* _YOUR GOAL_:
Using the listing below, select the lines with the word "real" and copy them.

* _INFORMATION PROVIDED_:
theorem theorem4p2:
  fixes M :: "'a measure" and b :: "'a \<Rightarrow> real"
    and q :: "'d \<Rightarrow> real" and d :: 'd and \<Delta>q :: real
  assumes "prob_space M"
    and "b \<in> borel_measurable M"
    and "\<forall>\<omega>\<in>space M. b \<omega> > 0"
    and "\<Delta>q > 0"
    and "integrable M (\<lambda>\<omega>. exp (\<Delta>q / b \<omega>))"
    and "integrable M (\<lambda>\<omega>. 1 / b \<omega>)"
  shows "(\<forall>\<epsilon> \<gamma>. \<epsilon> \<ge> ln (mgf_inv M b \<Delta>q) \<and> \<gamma> \<ge> 0 \<longrightarrow>
            measure (r2dp_laplace M b (q d)) {y. \<bar>y - q d\<bar> \<le> \<gamma>} = 1 - mgf_inv M b (- \<gamma>)
          \<and> 1 - mgf_inv M b (- \<gamma>) \<le> 1 - exp (- \<gamma> * \<epsilon> / \<Delta>q))
       \<and> ((\<exists>\<gamma>\<ge>0. measure (r2dp_laplace M b (q d)) {y. \<bar>y - q d\<bar> \<le> \<gamma>}
                 > 1 - exp (- \<gamma> * ln ((\<integral>\<omega>. 1 / b \<omega> \<partial>M) / mgf_inv' M b (- \<Delta>q)) / \<Delta>q))
          \<longrightarrow> (\<integral>\<omega>. 1 / b \<omega> \<partial>M) / mgf_inv' M b (- \<Delta>q) < mgf_inv M b \<Delta>q)"
  (is "?usefulness_bound \<and> (?improves \<longrightarrow> ?ratio < _)")
proof -
  have bound: ?usefulness_bound
  proof (intro allI impI, elim conjE)
    fix \<epsilon> \<gamma> :: real
    assume \<epsilon>: "\<epsilon> \<ge> ln (mgf_inv M b \<Delta>q)" and \<gamma>: "\<gamma> \<ge> 0"
    show "measure (r2dp_laplace M b (q d)) {y. \<bar>y - q d\<bar> \<le> \<gamma>} = 1 - mgf_inv M b (- \<gamma>)
          \<and> 1 - mgf_inv M b (- \<gamma>) \<le> 1 - exp (- \<gamma> * \<epsilon> / \<Delta>q)"
      using measure_r2dp_laplace_centered_interval[OF assms(1-3) \<gamma>]
        r2dp_laplace_usefulness_le_laplace[OF assms \<epsilon> \<gamma>]
      by simp
  qed
  have "0 < mgf_inv M b \<Delta>q"
    using exp_gt_zero exp_mean_le_mgf_inv[OF assms(1,6,5)] by (rule less_le_trans)
  then have "?ratio \<ge> mgf_inv M b \<Delta>q \<Longrightarrow> \<not> ?improves"
    using bound[rule_format, of "ln ?ratio"] by (auto simp: not_less)
  then show ?thesis
    using bound by force
qed
lemma inj_on_barrier_grad:
  assumes "0 \<le> k" "k \<le> 1/2"
  shows "inj_on (barrier_grad k x0) (- {x0})"
proof (rule inj_onI)
  fix x y assume x: "x \<in> - {x0}" and y: "y \<in> - {x0}" and eq: "barrier_grad k x0 x = barrier_grad k x0 y"
  then have "barrier_radius k (norm (x - x0)) = barrier_radius k (norm (y - x0))"
    using assms norm_barrier_grad_minus_center by (metis ComplD singletonI)
  then have "norm (y - x0) = norm (x - x0)"
    using strict_mono_on_eqD[OF barrier_radius_strict_mono[OF assms]] by simp
  then have "barrier_grad k x0 y - x0 = (1 + barrier_factor k (norm (x - x0))) *\<^sub>R (y - x0)"
    by (simp add: barrier_grad_minus_center)
  moreover have "barrier_grad k x0 x - x0 = (1 + barrier_factor k (norm (x - x0))) *\<^sub>R (x - x0)"
    by (rule barrier_grad_minus_center)
  ultimately have "(1 + barrier_factor k (norm (x - x0))) *\<^sub>R (x - x0)
      = (1 + barrier_factor k (norm (x - x0))) *\<^sub>R (y - x0)"
    using eq by metis
  moreover have "0 \<le> barrier_factor k (norm (x - x0))" using assms by (simp add: barrier_factor_def)
  ultimately show "x = y" by auto
qed

lemma barrier_grad_image_measure:
  fixes T :: "R3 set"
  assumes T: "open T" "bounded T" "x0 \<notin> T" and k: "0 \<le> k" "k \<le> 1/2"
  shows "barrier_grad k x0 ` T \<in> lmeasurable"
    and "measure lebesgue T \<le> measure lebesgue (barrier_grad k x0 ` T)"
proof -
  have x0: "x \<in> T \<Longrightarrow> x \<noteq> x0" for x using T by auto
  have D: "(barrier_grad k x0 has_derivative barrier_grad_deriv k x0 x) (at x within T)" if "x \<in> T" for x
    using has_derivative_barrier_grad[OF x0[OF that]] by (rule has_derivative_at_withinI)
  have inj: "inj_on (barrier_grad k x0) T"
    by (rule inj_on_subset[OF inj_on_barrier_grad[OF k]]) (use T(3) in auto)
  have "open (barrier_grad k x0 ` T)"
    using has_derivative_continuous_on[OF D] T(1) inj by (rule invariance_of_domain)
  moreover have "bounded (barrier_grad k x0 ` T)"
  proof -
    obtain B where B: "T \<subseteq> cball x0 B"
      using bounded_subset_ballD[OF T(2), of x0] ball_subset_cball by blast
    have "barrier_grad k x0 ` T \<subseteq> cball x0 (B + k)"
    proof
      fix y assume "y \<in> barrier_grad k x0 ` T"
      then obtain x where x: "x \<in> T" "y = barrier_grad k x0 x" by auto
      have "norm (y - x0) = norm (x - x0) + k / (1 + norm (x - x0))^2"
        using norm_barrier_grad_minus_center[OF x0[OF x(1)] k(1)] x by (simp add: barrier_radius_def)
      also have "k / (1 + norm (x - x0))^2 \<le> k"
        using k by (simp add: divide_le_eq mult_le_cancel_left1 one_le_power)
      also have "norm (x - x0) \<le> B" using B x by (auto simp: dist_norm norm_minus_commute)
      finally show "y \<in> cball x0 (B + k)" by (simp add: dist_norm norm_minus_commute)
    qed
    then show ?thesis using bounded_cball bounded_subset by blast
  qed
  ultimately show image: "barrier_grad k x0 ` T \<in> lmeasurable" by (intro lmeasurable_open)
  have T_meas: "T \<in> lmeasurable" using T by (intro lmeasurable_open)
  have integrable: "(\<lambda>x. \<bar>det (matrix (barrier_grad_deriv k x0 x))\<bar>) integrable_on T"
    using measurable_differentiable_image_eq[OF _ D inj] image T_meas by auto
  have "measure lebesgue T = integral T (\<lambda>x. 1::real)" using T_meas by (rule lmeasure_integral)
  also have "\<dots> \<le> integral T (\<lambda>x. \<bar>det (matrix (barrier_grad_deriv k x0 x))\<bar>)"
  proof (rule integral_le)
    fix x assume "x \<in> T"
    then show "1 \<le> \<bar>det (matrix (barrier_grad_deriv k x0 x))\<bar>"
      using one_le_det_barrier_grad_deriv[OF x0 k] by fastforce
  qed (use T_meas integrable integrable_on_const in auto)
  also have "\<dots> = measure lebesgue (barrier_grad k x0 ` T)"
    using measure_differentiable_image_eq[OF _ D inj integrable] T_meas by simp
  finally show "measure lebesgue T \<le> measure lebesgue (barrier_grad k x0 ` T)" .
qed

lemma ball_union_barrier_grad_image_measure:
  fixes S :: "R3 set" and x0 :: R3
  assumes S: "open S" "bounded S" and k: "0 \<le> k" "k \<le> 1/2"
  defines "G \<equiv> ball x0 k \<union> barrier_grad k x0 ` (S - {x0})"
  shows "G \<in> lmeasurable"
    and "measure lebesgue (ball (0::R3) k) + measure lebesgue S \<le> measure lebesgue G"
proof -
  have T: "open (S - {x0})" "bounded (S - {x0})" "x0 \<notin> S - {x0}"
    using S by (auto simp: open_delete bounded_subset)
  note image = barrier_grad_image_measure[OF T k]
  show G: "G \<in> lmeasurable" unfolding G_def using image(1) by (intro fmeasurable.Un) auto
  have "k < norm (barrier_grad k x0 x - x0)" if "x \<noteq> x0" for x
  proof -
    have "barrier_radius k 0 < barrier_radius k (norm (x - x0))"
      using that by (intro strict_mono_onD[OF barrier_radius_strict_mono[OF k]]) auto
    then show ?thesis using norm_barrier_grad_minus_center[OF that k(1)] by (simp add: barrier_radius_def)
  qed
  then have disjoint: "ball x0 k \<inter> barrier_grad k x0 ` (S - {x0}) = {}"
    by (force simp: dist_norm norm_minus_commute)
  have "measure lebesgue (ball (0::R3) k) = measure lebesgue (ball x0 k)"
    using content_ball_conv_unit_ball[OF k(1), of x0] content_ball_conv_unit_ball[OF k(1), of "0::R3"] by simp
  moreover have "measure lebesgue S = measure lebesgue (S - {x0})"
    using S(1) by (simp add: measure_Diff_null_set negligible_iff_null_sets)
  moreover have "measure lebesgue G = measure lebesgue (ball x0 k) + measure lebesgue (barrier_grad k x0 ` (S - {x0}))"
    unfolding G_def using lmeasurable_ball[of x0 k] image(1) disjoint
    by (intro measure_Union) (auto simp: fmeasurable_def)
  ultimately show "measure lebesgue (ball (0::R3) k) + measure lebesgue S \<le> measure lebesgue G"
    using image(2) by simp
qed
(* Let $T$ be an $n\times n$ complex matrix with distinct eigenvalues $\lambda_1,\dots,\lambda_n$. Let $u_1,\dots,u_n$ be unit eigenvectors of $T$ with $Tu_i=\lambda_iu_i$, let $v_1,\dots,v_n$ be unit eigenvectors of $T^*$ with $T^*v_i=\overline{\lambda_i}v_i$, and let $U=(u_1|u_2|\cdots|u_n)$ and $V=(v_1|v_2|\cdots|v_n)$ be the matrices with these vectors as columns. If $T$ is unitarily equivalent to a complex symmetric matrix, then $U^*U$ and $V^*V$ have the same eigenvalues, repeated according to multiplicity.
   Context: A complex symmetric matrix is a square complex matrix $S$ with $S=S^t$. Two matrices $A,B\in M_n(\mathbb{C})$ are unitarily equivalent if $A=W^*BW$ for some unitary $W$. *)

theory Defs
  imports "Jordan_Normal_Form.Schur_Decomposition"
begin

definition unitary_mat :: "complex mat \<Rightarrow> bool" where
  "unitary_mat W \<longleftrightarrow> W \<in> carrier_mat (dim_row W) (dim_row W)
      \<and> mat_adjoint W * W = 1\<^sub>m (dim_row W)"

definition unitarily_equivalent :: "complex mat \<Rightarrow> complex mat \<Rightarrow> bool" where
  "unitarily_equivalent A B \<longleftrightarrow>
     (\<exists>W. unitary_mat W \<and> dim_row W = dim_row B \<and> A = mat_adjoint W * B * W)"

definition complex_symmetric :: "complex mat \<Rightarrow> bool" where
  "complex_symmetric S \<longleftrightarrow> S \<in> carrier_mat (dim_row S) (dim_row S) \<and> transpose_mat S = S"

end

theory Submission
  imports Defs
begin
(* Let $k\ge1$. For all $\ell$ with $k<\ell\le n+1$ and all $r\in\{0,1,\dots,k\}$, $$\mathbb{E}[v(\mathrm{ALG}^{\ge\ell}_r)]\ \ge\ \sum_{j=\ell}^{n}\frac{a_{\ell,j-1}}{j}\,\mathbb{E}[v(\mathcal{A}(U^{\le j}))]\sum_{r'=0}^{r-1}\ \sum_{\substack{M\subseteq\{\ell,\dots,j-1\}\\|M|=r'}}\ \prod_{i\in M}\frac{k-1}{i},$$ where $a_{\ell,j-1}=\prod_{i=\ell}^{j-1}\left(1-\frac{k}{i}\right)$ (an empty product equals $1$).
   Context: Let $U$ be a finite ground set of $n$ items and $k\ge1$ an integer. Let $v\colon 2^U\to\mathbb{R}_{\ge0}$ be monotone and submodular. The items arrive one per round (rounds $1,\dots,n$) in a uniformly random order; $U^{\le \ell}$ denotes the set of items arriving in rounds $1,\dots,\ell$. $\mathcal{A}$ is an offline algorithm that, for every $L\subseteq U$, returns a set $\mathcal{A}(L)\subseteq L$ with $|\mathcal{A}(L)|\le k$, depending only on the set $L$ (e.g. an $\alpha$-approximation for $\max\{v(T):T\subseteq L,|T|\le k\}$). Random sets $\mathrm{ALG}^{\ge\ell}_r\subseteq U$ for $\ell\in\{1,\dots,n+1\}$, $r\in\{0,\dots,k\}$ are defined recursively: $\mathrm{ALG}^{\ge\ell}_0=\emptyset$ for all $\ell$, $\mathrm{ALG}^{\ge n+1}_r=\emptyset$ for all $r$, and for $\ell\in[n]$, $r\ge1$, letting $j$ be the item arriving in round $\ell$: $\mathrm{ALG}^{\ge\ell}_r=\{j\}\cup\mathrm{ALG}^{\ge\ell+1}_{r-1}$ if $j\in\mathcal{A}(U^{\le\ell})$, and $\mathrm{ALG}^{\ge\ell}_r=\mathrm{ALG}^{\ge\ell+1}_{r}$ otherwise. *)

theory Defs
  imports Complex_Main "HOL-Combinatorics.Multiset_Permutations"
begin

* _SOLVED PROBLEM_:
  fixes M :: "'a measure" and b :: "'a \<Rightarrow> real"
    and q :: "'d \<Rightarrow> real" and d :: 'd and \<Delta>q :: real
    fix \<epsilon> \<gamma> :: real
  have "measure lebesgue T = integral T (\<lambda>x. 1::real)" using T_meas by (rule lmeasure_integral)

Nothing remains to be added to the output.